-- INPUT FOR THIS TASK follows --

(* Let $\mathbb{K}$ be a number field of degree $k$, $\mathcal{O}$ an order in $\mathbb{K}$ with $\mathbb{Z}$-basis $\omega_1=1,\ldots,\omega_k$, $p\in\mathcal{O}[x]$ monic, and $\mathcal{F}$ a bounded fundamental domain for the action of $\mathbb{Z}^k$ on $\mathbb{R}^k$ with $\mathbf{0}\in\mathrm{int}(\mathcal{F})$. Then there is $\eta>0$ such that, for each choice of sign, $(p(x)\pm\alpha,D_{\mathcal{F},p(0)\pm\alpha})$ has the finiteness property whenever $\alpha=m_1\omega_1+\cdots+m_k\omega_k\in\mathcal{O}$ ($m_j\in\mathbb{Z}$) satisfies $\max\{1,|m_2|,\ldots,|m_k|\}<\eta|m_1|$.
   Context: A bounded fundamental domain for the action of $\mathbb{Z}^k$ on $\mathbb{R}^k$ is a bounded set $\mathcal{F}$ with $\mathbb{R}^k=\mathcal{F}+\mathbb{Z}^k$ and translates pairwise disjoint. For $\vartheta\in\mathcal{O}$, $D_{\mathcal{F},\vartheta}=\{\vartheta\sum_j f_j\omega_j:(f_1,\ldots,f_k)\in\mathcal{F}\}\cap\mathcal{O}$. A pair $(q,\mathcal{D})$ ($q$ monic in $\mathcal{O}[x]$, $\mathcal{D}$ complete residue system modulo $q(0)$ containing $0$) has the finiteness property if every $a\in\mathcal{O}[x]$ satisfies $a\equiv\sum_{j=0}^{\ell-1}d_jx^j\pmod q$ for some $\ell\in\mathbb{N}$, $d_j\in\mathcal{D}$. $\mathrm{int}$ denotes the interior in $\mathbb{R}^k$. *)

theory Defs
  imports "HOL-Analysis.Analysis" "HOL-Computational_Algebra.Polynomial"
begin

text \<open>The order O is modelled inside the complex numbers (every number field embeds
  into the complex numbers): it is the set of integer combinations of a family
  omega indexed by a finite type 'n, with k = CARD('n).\<close>

definition order_of :: "('n::finite \<Rightarrow> complex) \<Rightarrow> complex set" where
  "order_of \<omega> = range (\<lambda>c::'n \<Rightarrow> int. \<Sum>j\<in>UNIV. of_int (c j) * \<omega> j)"

text \<open>omega is a Z-basis of an order: Z-linearly independent and the Z-span is closed
  under multiplication (together with omega i0 = 1 this makes the span a subring of the
  complex numbers which is a free Z-module of rank k and a domain, i.e. an order in the
  number field Q(omega) of degree k).\<close>

definition is_order_basis :: "('n::finite \<Rightarrow> complex) \<Rightarrow> bool" where
  "is_order_basis \<omega> \<longleftrightarrow>
     (\<forall>c::'n \<Rightarrow> int. (\<Sum>j\<in>UNIV. of_int (c j) * \<omega> j) = 0 \<longrightarrow> (\<forall>j. c j = 0)) \<and>
     (\<forall>i j. \<omega> i * \<omega> j \<in> order_of \<omega>)"

definition ocoord :: "('n::finite \<Rightarrow> complex) \<Rightarrow> complex \<Rightarrow> 'n \<Rightarrow> int" where
  "ocoord \<omega> \<beta> = (THE c. \<beta> = (\<Sum>j\<in>UNIV. of_int (c j) * \<omega> j))"

text \<open>Multiplication by theta on K tensor R, identified with R^k via the basis omega:
  f corresponds to sum f_j omega_j, and theta * that has coordinates given below.\<close>

definition mulmap :: "('n::finite \<Rightarrow> complex) \<Rightarrow> complex \<Rightarrow> real^'n \<Rightarrow> real^'n" where
  "mulmap \<omega> \<theta> f = (\<chi> i. \<Sum>j\<in>UNIV. f $ j * of_int (ocoord \<omega> (\<theta> * \<omega> j) i))"

definition Zvecs :: "(real^'n::finite) set" where
  "Zvecs = {z. \<forall>i. z $ i \<in> \<int>}"

definition fundamental_domain :: "(real^'n::finite) set \<Rightarrow> bool" where
  "fundamental_domain F \<longleftrightarrow>
     (\<forall>x. \<exists>f\<in>F. \<exists>z\<in>Zvecs. x = f + z) \<and>
     (\<forall>z1\<in>Zvecs. \<forall>z2\<in>Zvecs. z1 \<noteq> z2 \<longrightarrow> ((\<lambda>f. f + z1) ` F) \<inter> ((\<lambda>f. f + z2) ` F) = {})"

text \<open>D_{F,theta} = { theta * sum f_j omega_j : f in F } intersected with O.\<close>

definition digit_set :: "('n::finite \<Rightarrow> complex) \<Rightarrow> (real^'n) set \<Rightarrow> complex \<Rightarrow> complex set" where
  "digit_set \<omega> F \<theta> =
     {\<beta> \<in> order_of \<omega>. \<exists>f\<in>F. mulmap \<omega> \<theta> f = (\<chi> i. real_of_int (ocoord \<omega> \<beta> i))}"

definition poly_over :: "complex set \<Rightarrow> complex poly \<Rightarrow> bool" where
  "poly_over R a \<longleftrightarrow> (\<forall>i. coeff a i \<in> R)"

definition pcong_over :: "complex set \<Rightarrow> complex poly \<Rightarrow> complex poly \<Rightarrow> complex poly \<Rightarrow> bool" where
  "pcong_over R q a b \<longleftrightarrow> (\<exists>c. poly_over R c \<and> a - b = q * c)"

definition complete_residue_system :: "complex set \<Rightarrow> complex \<Rightarrow> complex set \<Rightarrow> bool" where
  "complete_residue_system R \<theta> D \<longleftrightarrow> D \<subseteq> R \<and>
     (\<forall>\<beta>\<in>R. \<exists>!d. d \<in> D \<and> (\<exists>\<gamma>\<in>R. \<beta> - d = \<theta> * \<gamma>))"

definition finiteness_property :: "('n::finite \<Rightarrow> complex) \<Rightarrow> complex poly \<Rightarrow> complex set \<Rightarrow> bool" where
  "finiteness_property \<omega> q D \<longleftrightarrow>
     lead_coeff q = 1 \<and> poly_over (order_of \<omega>) q \<and>
     complete_residue_system (order_of \<omega>) (poly q 0) D \<and> 0 \<in> D \<and>
     (\<forall>a. poly_over (order_of \<omega>) a \<longrightarrow>
        (\<exists>(l::nat) d. (\<forall>j<l. d j \<in> D) \<and>
           pcong_over (order_of \<omega>) q a (\<Sum>j<l. monom (d j) j)))"
(* Let $\nu\ge1$, $N,K\ge1$, $j\in\mathbb{N}$, $\tau>0$, let $\Lambda_N=\mathrm{diag}(\lambda_{-N},\dots,\lambda_N)$ be a complex diagonal matrix, $Q$ an invertible complex $(2N+1)\times(2N+1)$ matrix, $\mathcal{L}_N=Q\Lambda_NQ^{-1}$, and let $\sigma_{K,0}$ be a constant such that $\|f-P_Kf\|_{C^0}\le\sigma_{K,0}\|f'\|_{C^0}$ for all $f\in C^1([-1,1],\mathbb{C})$. Let $D_N(t)$ be the diagonal matrix $D_N(t)=\tau\int_{-1}^t|e^{\tau(t-s)\Lambda_N}|\,ds$ (absolute value componentwise). Then for every $\varphi_N\in C([-1,1],\mathbb{C}^{2N+1})$, $$\Big\|(I-P_K)\Big(t\mapsto\tau\int_{-1}^te^{\tau(t-s)\mathcal{L}_N}\mathcal{D}^j\varphi_N(s)\,ds\Big)\Big\|_{\ell^1_\nu(C^0)}\le\tau\sigma_{K,0}\,\big\||\mathcal{D}^j|+|Q|\,|\Lambda_N|\,D_N(1)\,|Q^{-1}|\,|\mathcal{D}^j|\big\|_{B(\ell^1_\nu,\ell^1_\nu)}\|\varphi_N\|_{\ell^1_\nu(C^0)}.$$
   Context: Vectors in $\mathbb{C}^{2N+1}$ are indexed by $n=-N,\dots,N$; $\mathcal{D}=\mathrm{diag}(in)_{|n|\le N}$, and $|\cdot|$ applied to a matrix denotes the entrywise absolute value. $\|v\|_{\ell^1_\nu}=\sum_{|n|\le N}|v_n|\nu^{|n|}$ on $\mathbb{C}^{2N+1}$ and $\|\cdot\|_{B(\ell^1_\nu,\ell^1_\nu)}$ is the induced operator norm. For a vector-valued function $\psi$, $\|\psi\|_{\ell^1_\nu(C^0)}=\sum_{|n|\le N}\|\psi_n\|_{C^0}\nu^{|n|}$ with $\|\cdot\|_{C^0}$ the sup norm on $[-1,1]$. $P_K$ maps $f\in C([-1,1],\mathbb{C})$ to its polynomial interpolant of degree $\le K$ at the Chebyshev points $t_k=\cos(\pi k/K)$, $k=0,\dots,K$, and acts componentwise on vector-valued functions. *)

theory Defs
  imports "HOL-Analysis.Analysis" "HOL-Computational_Algebra.Polynomial"
begin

-- INPUT FOR THIS TASK concluded --

**PROBLEM DETAILS**
Both the line containing "D \<subseteq> R \<and>" and the line containing "q D \<longleftrightarrow>" belong in the answer. Print them and every line above that falls between them exactly, and no others.

**WRITTEN RESPONSE**
  "complete_residue_system R \<theta> D \<longleftrightarrow> D \<subseteq> R \<and>
     (\<forall>\<beta>\<in>R. \<exists>!d. d \<in> D \<and> (\<exists>\<gamma>\<in>R. \<beta> - d = \<theta> * \<gamma>))"

definition finiteness_property :: "('n::finite \<Rightarrow> complex) \<Rightarrow> complex poly \<Rightarrow> complex set \<Rightarrow> bool" where
  "finiteness_property \<omega> q D \<longleftrightarrow>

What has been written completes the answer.